= What you will do =
Word for word, set down every line of the entries below from the line with "text \<open>The absorbing" to the line with "using assms(2) .", including both, and no other line.

(Saved entries)
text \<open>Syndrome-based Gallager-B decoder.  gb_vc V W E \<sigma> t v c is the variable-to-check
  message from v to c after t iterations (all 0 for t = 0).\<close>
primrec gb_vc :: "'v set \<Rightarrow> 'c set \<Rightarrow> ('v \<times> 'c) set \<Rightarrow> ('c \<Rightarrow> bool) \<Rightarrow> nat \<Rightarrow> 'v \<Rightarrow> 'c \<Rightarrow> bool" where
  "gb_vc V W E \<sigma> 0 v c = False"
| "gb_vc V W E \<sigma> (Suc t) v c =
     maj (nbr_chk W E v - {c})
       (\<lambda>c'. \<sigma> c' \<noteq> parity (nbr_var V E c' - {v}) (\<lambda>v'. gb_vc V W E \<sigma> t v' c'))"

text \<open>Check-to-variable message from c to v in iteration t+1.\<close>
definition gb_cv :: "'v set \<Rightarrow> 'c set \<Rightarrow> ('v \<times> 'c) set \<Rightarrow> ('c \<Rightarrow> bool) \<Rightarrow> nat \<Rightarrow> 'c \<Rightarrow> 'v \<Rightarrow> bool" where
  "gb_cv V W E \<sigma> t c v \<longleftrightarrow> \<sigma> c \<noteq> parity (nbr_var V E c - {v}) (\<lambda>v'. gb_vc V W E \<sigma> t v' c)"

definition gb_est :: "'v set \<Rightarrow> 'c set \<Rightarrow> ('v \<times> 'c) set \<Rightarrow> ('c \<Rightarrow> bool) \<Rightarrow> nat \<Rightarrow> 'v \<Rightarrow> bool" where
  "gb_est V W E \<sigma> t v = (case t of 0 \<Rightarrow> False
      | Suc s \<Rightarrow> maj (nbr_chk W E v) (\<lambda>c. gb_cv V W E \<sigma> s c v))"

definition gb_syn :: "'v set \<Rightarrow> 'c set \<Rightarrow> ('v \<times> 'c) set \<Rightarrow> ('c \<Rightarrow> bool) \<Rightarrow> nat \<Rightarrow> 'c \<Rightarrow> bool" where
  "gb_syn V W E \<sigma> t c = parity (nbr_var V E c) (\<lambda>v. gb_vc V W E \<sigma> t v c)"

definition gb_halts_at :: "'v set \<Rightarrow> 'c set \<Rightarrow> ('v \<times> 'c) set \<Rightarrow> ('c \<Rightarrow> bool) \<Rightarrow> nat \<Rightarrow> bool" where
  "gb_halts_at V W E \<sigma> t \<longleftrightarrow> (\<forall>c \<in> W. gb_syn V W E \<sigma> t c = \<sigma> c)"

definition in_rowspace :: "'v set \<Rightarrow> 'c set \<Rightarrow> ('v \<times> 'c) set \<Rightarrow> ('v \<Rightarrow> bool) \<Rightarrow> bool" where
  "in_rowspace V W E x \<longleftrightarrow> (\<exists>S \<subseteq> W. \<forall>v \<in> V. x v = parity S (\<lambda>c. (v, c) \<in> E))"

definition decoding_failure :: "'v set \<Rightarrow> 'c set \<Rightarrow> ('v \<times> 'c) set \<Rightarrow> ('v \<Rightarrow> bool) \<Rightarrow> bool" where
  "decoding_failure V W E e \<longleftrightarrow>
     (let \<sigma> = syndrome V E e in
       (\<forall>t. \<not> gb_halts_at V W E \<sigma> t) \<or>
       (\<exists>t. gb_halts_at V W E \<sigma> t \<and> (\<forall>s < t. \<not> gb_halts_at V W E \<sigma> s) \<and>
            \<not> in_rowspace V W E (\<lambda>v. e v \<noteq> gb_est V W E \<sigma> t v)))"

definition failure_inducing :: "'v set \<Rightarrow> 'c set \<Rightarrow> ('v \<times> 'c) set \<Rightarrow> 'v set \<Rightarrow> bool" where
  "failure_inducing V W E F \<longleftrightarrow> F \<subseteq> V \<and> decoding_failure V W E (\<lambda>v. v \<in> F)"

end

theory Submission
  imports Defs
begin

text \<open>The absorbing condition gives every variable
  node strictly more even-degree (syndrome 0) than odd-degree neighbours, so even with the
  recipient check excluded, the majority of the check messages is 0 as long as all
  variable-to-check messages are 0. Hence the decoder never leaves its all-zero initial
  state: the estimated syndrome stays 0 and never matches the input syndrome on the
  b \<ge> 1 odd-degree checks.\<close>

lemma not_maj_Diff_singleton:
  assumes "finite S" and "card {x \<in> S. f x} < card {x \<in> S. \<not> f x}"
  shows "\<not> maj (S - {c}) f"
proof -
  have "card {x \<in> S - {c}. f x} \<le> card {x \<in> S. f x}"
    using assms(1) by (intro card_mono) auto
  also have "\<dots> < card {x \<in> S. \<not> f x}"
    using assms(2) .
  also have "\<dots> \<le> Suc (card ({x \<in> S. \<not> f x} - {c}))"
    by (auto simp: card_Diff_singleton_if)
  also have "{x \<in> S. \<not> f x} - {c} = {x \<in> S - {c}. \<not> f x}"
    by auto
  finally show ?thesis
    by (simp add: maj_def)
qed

= Result =
text \<open>The absorbing condition gives every variable
  node strictly more even-degree (syndrome 0) than odd-degree neighbours, so even with the
  recipient check excluded, the majority of the check messages is 0 as long as all
  variable-to-check messages are 0. Hence the decoder never leaves its all-zero initial
  state: the estimated syndrome stays 0 and never matches the input syndrome on the
  b \<ge> 1 odd-degree checks.\<close>

lemma not_maj_Diff_singleton:
  assumes "finite S" and "card {x \<in> S. f x} < card {x \<in> S. \<not> f x}"
  shows "\<not> maj (S - {c}) f"
proof -
  have "card {x \<in> S - {c}. f x} \<le> card {x \<in> S. f x}"
    using assms(1) by (intro card_mono) auto
  also have "\<dots> < card {x \<in> S. \<not> f x}"
    using assms(2) .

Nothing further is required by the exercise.